* **DATA FOR ANALYSIS**:
(* Let $\overline{F}(x) = 1$ for $x < 0$ and $\overline{F}(x) = (\lfloor x \rfloor + 2)^{-1}$ for $x \geq 0$, and let $\theta \in (0,1)$. Then $\theta\, \overline{F}(x) \leq \overline{F}(x/\theta)$ holds for all $x \geq 0$ if and only if $$\theta \in \mathcal{A} := \left(0, \tfrac{1}{2}\right] \cup \left\{ \tfrac{k+1}{2k+1} : k \in \{1,2,3,\dots\} \right\}.$$ *)

theory Defs
  imports Complex_Main
begin

definition Fbar :: "real \<Rightarrow> real" where
  "Fbar x = (if x < 0 then 1 else 1 / (real_of_int \<lfloor>x\<rfloor> + 2))"

definition setA :: "real set" where
  "setA = {0<..1/2} \<union> {(real k + 1) / (2 * real k + 1) | k::nat. k \<ge> 1}"

end

theory Submission
  imports Defs
begin

text \<open>
  For \<open>x \<ge> 0\<close> put \<open>n = \<lfloor>x\<rfloor>\<close> and \<open>m = \<lfloor>x/\<theta>\<rfloor>\<close>; the inequality reads \<open>\<theta> (m + 2) \<le> n + 2\<close>, and
  we always have \<open>m \<theta> < n + 1\<close>. For \<open>\<theta> \<le> 1/2\<close> this suffices at once. For
  \<open>\<theta> = (k + 1)/(2k + 1)\<close> it becomes the integer inequality \<open>m (k + 1) < (n + 1)(2k + 1)\<close>,
  whose slack of at least one absorbs the extra \<open>2 (k + 1)\<close>. Every other \<open>\<theta> \<in> (1/2, 1)\<close>
  lies strictly between two consecutive ratios, \<open>(N + 1)/(2N + 1) < \<theta> < N/(2N - 1)\<close>, and
  then \<open>x = (2N - 1) \<theta>\<close> has \<open>n = N - 1\<close>, \<open>m = 2N - 1\<close> and violates the inequality.
\<close>

lemma scaled_Fbar_le_iff:
  fixes \<theta> x :: real
  assumes "0 < \<theta>" and "0 \<le> x"
  shows "\<theta> * Fbar x \<le> Fbar (x / \<theta>) \<longleftrightarrow> \<theta> * (\<lfloor>x / \<theta>\<rfloor> + 2) \<le> \<lfloor>x\<rfloor> + 2"
proof -
  have "0 \<le> x / \<theta>" using assms by simp
  then have "0 < real_of_int \<lfloor>x\<rfloor> + 2" and "0 < real_of_int \<lfloor>x / \<theta>\<rfloor> + 2"
    using assms by linarith+
  with \<open>0 \<le> x / \<theta>\<close> assms show ?thesis
    unfolding Fbar_def by (simp add: field_simps)
qed

lemma floor_div_mult_lt_floor_Suc:
  fixes \<theta> x :: real
  assumes "0 < \<theta>"
  shows "\<lfloor>x / \<theta>\<rfloor> * \<theta> < \<lfloor>x\<rfloor> + 1"
proof -
  have "\<lfloor>x / \<theta>\<rfloor> * \<theta> \<le> x / \<theta> * \<theta>"
    using assms by (intro mult_right_mono) auto
  also have "\<dots> = x" using assms by simp
  finally show ?thesis by linarith
qed

lemma scaled_Fbar_le_if_le_half:
  fixes \<theta> x :: real
  assumes "0 < \<theta>" and "\<theta> \<le> 1/2" and "0 \<le> x"
  shows "\<theta> * Fbar x \<le> Fbar (x / \<theta>)"
  using floor_div_mult_lt_floor_Suc[OF assms(1), of x] assms
  by (simp add: scaled_Fbar_le_iff algebra_simps)

lemma scaled_Fbar_le_at_ratio:
  fixes x :: real and k :: nat
  defines "\<theta> \<equiv> (real k + 1) / (2 * real k + 1)"
  assumes "0 \<le> x"
  shows "\<theta> * Fbar x \<le> Fbar (x / \<theta>)"
proof -
  define n where "n = \<lfloor>x\<rfloor>"
  define m where "m = \<lfloor>x / \<theta>\<rfloor>"
  have \<theta>_pos: "0 < \<theta>" and \<theta>_denom: "\<theta> * (2 * real k + 1) = real k + 1"
    unfolding \<theta>_def by (simp_all add: field_simps)
  have "m * \<theta> * (2 * real k + 1) < (n + 1) * (2 * real k + 1)"
    using floor_div_mult_lt_floor_Suc[OF \<theta>_pos, of x] unfolding m_def n_def
    by (intro mult_strict_right_mono) auto
  then have "real_of_int (m * (int k + 1)) < real_of_int ((n + 1) * (2 * int k + 1))"
    by (simp add: \<theta>_denom mult.assoc)
  then have "m * (int k + 1) < (n + 1) * (2 * int k + 1)"
    by linarith
  then have "(m + 2) * (int k + 1) \<le> (n + 2) * (2 * int k + 1)"
    by (simp add: algebra_simps)
  then have "real_of_int ((m + 2) * (int k + 1)) \<le> real_of_int ((n + 2) * (2 * int k + 1))"
    by (simp only: of_int_le_iff)
  then have "(m + 2) * (\<theta> * (2 * real k + 1)) \<le> (n + 2) * (2 * real k + 1)"
    unfolding \<theta>_denom by simp
  then have "\<theta> * (m + 2) * (2 * real k + 1) \<le> (n + 2) * (2 * real k + 1)"
    by (simp only: ac_simps)
  then have "\<theta> * (m + 2) \<le> n + 2"
    by (rule mult_right_le_imp_le) simp
  with \<theta>_pos assms(2) show ?thesis
    unfolding m_def n_def by (simp add: scaled_Fbar_le_iff)
qed

lemma notin_setA_between_ratios:
  fixes \<theta> :: real
  assumes "0 < \<theta>" and "\<theta> < 1" and "\<theta> \<notin> setA"
  obtains N :: nat
  where "1 \<le> N" and "(2 * real N - 1) * \<theta> < N" and "real N + 1 < (2 * real N + 1) * \<theta>"
proof -
  have half: "1/2 < \<theta>" using assms unfolding setA_def by auto
  define q where "q = (1 - \<theta>) / (2 * \<theta> - 1)"
  \<comment> \<open>\<open>\<theta> = (q + 1)/(2q + 1)\<close>, so \<open>\<theta>\<close> is one of the ratios iff \<open>q\<close> is a positive integer\<close>
  have "0 < q" using assms half unfolding q_def by simp
  have q_not_nat: "q \<noteq> real k" for k :: nat
  proof
    assume "q = real k"
    with \<open>0 < q\<close> have "1 \<le> k" by simp
    from \<open>q = real k\<close> half have "\<theta> = (real k + 1) / (2 * real k + 1)"
      unfolding q_def by (simp add: field_simps)
    with \<open>1 \<le> k\<close> assms(3) show False unfolding setA_def by blast
  qed
  define N where "N = nat \<lceil>q\<rceil>"
  have "real N = \<lceil>q\<rceil>" using \<open>0 < q\<close> unfolding N_def by simp
  moreover have "real_of_int \<lceil>q\<rceil> \<noteq> q" using q_not_nat[of N] \<open>real N = \<lceil>q\<rceil>\<close> by argo
  ultimately have "real N - 1 < q" and "q < real N" by linarith+
  show thesis
  proof
    have "0 < real N" using \<open>0 < q\<close> \<open>q < real N\<close> by linarith
    then show "1 \<le> N" by simp
    show "(2 * real N - 1) * \<theta> < N"
      using \<open>real N - 1 < q\<close> half unfolding q_def by (simp add: field_simps)
    show "real N + 1 < (2 * real N + 1) * \<theta>"
      using \<open>q < real N\<close> half unfolding q_def by (simp add: field_simps)
  qed
qed

lemma scaled_Fbar_gt_between_ratios:
  fixes \<theta> :: real and N :: nat
  assumes "1 \<le> N" and "(2 * real N - 1) * \<theta> < N" and "real N + 1 < (2 * real N + 1) * \<theta>"
  shows "\<not> \<theta> * Fbar ((2 * real N - 1) * \<theta>) \<le> Fbar ((2 * real N - 1) * \<theta> / \<theta>)"
proof -
  define x where "x = (2 * real N - 1) * \<theta>"
  have "(2 * real N + 1) * (1/2) < (2 * real N + 1) * \<theta>"
    using assms(3) by (simp add: algebra_simps)
  then have half: "1/2 < \<theta>" by (rule mult_left_less_imp_less) simp
  have "0 \<le> x" using assms(1) half unfolding x_def by simp
  have "x / \<theta> = of_int (2 * int N - 1)"
    using half unfolding x_def by simp
  then have "\<theta> * (\<lfloor>x / \<theta>\<rfloor> + 2) = (2 * real N + 1) * \<theta>"
    by (simp only: floor_of_int) (simp add: algebra_simps)
  moreover have "\<lfloor>x\<rfloor> = int N - 1"
  proof (rule floor_unique)
    have "(2 * real N - 1) * (1/2) \<le> x"
      unfolding x_def using half assms(1) by (intro mult_left_mono) auto
    then show "real_of_int (int N - 1) \<le> x" by simp
    show "x < real_of_int (int N - 1) + 1" using assms(2) unfolding x_def by simp
  qed
  then have "real_of_int \<lfloor>x\<rfloor> + 2 = real N + 1" by simp
  ultimately have "\<not> \<theta> * (\<lfloor>x / \<theta>\<rfloor> + 2) \<le> \<lfloor>x\<rfloor> + 2"
    using assms(3) by linarith
  moreover have "0 < \<theta>" using half by simp
  ultimately show ?thesis
    using \<open>0 \<le> x\<close> unfolding x_def[symmetric] by (simp add: scaled_Fbar_le_iff)
qed

theorem lemma13:
  fixes \<theta> :: real
  assumes "0 < \<theta>" and "\<theta> < 1"
  shows "(\<forall>x::real. x \<ge> 0 \<longrightarrow> \<theta> * Fbar x \<le> Fbar (x / \<theta>)) \<longleftrightarrow> \<theta> \<in> setA"
proof
  assume scaled_le: "\<forall>x::real. x \<ge> 0 \<longrightarrow> \<theta> * Fbar x \<le> Fbar (x / \<theta>)"
  show "\<theta> \<in> setA"
  proof (rule ccontr)
    assume "\<theta> \<notin> setA"
    with assms obtain N :: nat where N: "1 \<le> N" "(2 * real N - 1) * \<theta> < N"
      "real N + 1 < (2 * real N + 1) * \<theta>"
      by (rule notin_setA_between_ratios)
    have "0 \<le> (2 * real N - 1) * \<theta>" using N(1) assms(1) by simp
    with scaled_le scaled_Fbar_gt_between_ratios[OF N] show False by blast
  qed
next
  assume "\<theta> \<in> setA"
  then show "\<forall>x::real. x \<ge> 0 \<longrightarrow> \<theta> * Fbar x \<le> Fbar (x / \<theta>)"
    unfolding setA_def
    using scaled_Fbar_le_if_le_half scaled_Fbar_le_at_ratio by auto
qed

end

* **EXERCISE DESCRIPTION**:
From the data above, reproduce word for word the lines running from the line with "show thesis" to the line with "1) * (1/2) \<le>", ends included.

* **ANSWER SECTION**:
  show thesis
  proof
    have "0 < real N" using \<open>0 < q\<close> \<open>q < real N\<close> by linarith
    then show "1 \<le> N" by simp
    show "(2 * real N - 1) * \<theta> < N"
      using \<open>real N - 1 < q\<close> half unfolding q_def by (simp add: field_simps)
    show "real N + 1 < (2 * real N + 1) * \<theta>"
      using \<open>q < real N\<close> half unfolding q_def by (simp add: field_simps)
  qed
qed

lemma scaled_Fbar_gt_between_ratios:
  fixes \<theta> :: real and N :: nat
  assumes "1 \<le> N" and "(2 * real N - 1) * \<theta> < N" and "real N + 1 < (2 * real N + 1) * \<theta>"
  shows "\<not> \<theta> * Fbar ((2 * real N - 1) * \<theta>) \<le> Fbar ((2 * real N - 1) * \<theta> / \<theta>)"
proof -
  define x where "x = (2 * real N - 1) * \<theta>"
  have "(2 * real N + 1) * (1/2) < (2 * real N + 1) * \<theta>"
    using assms(3) by (simp add: algebra_simps)
  then have half: "1/2 < \<theta>" by (rule mult_left_less_imp_less) simp
  have "0 \<le> x" using assms(1) half unfolding x_def by simp
  have "x / \<theta> = of_int (2 * int N - 1)"
    using half unfolding x_def by simp
  then have "\<theta> * (\<lfloor>x / \<theta>\<rfloor> + 2) = (2 * real N + 1) * \<theta>"
    by (simp only: floor_of_int) (simp add: algebra_simps)
  moreover have "\<lfloor>x\<rfloor> = int N - 1"
  proof (rule floor_unique)
    have "(2 * real N - 1) * (1/2) \<le> x"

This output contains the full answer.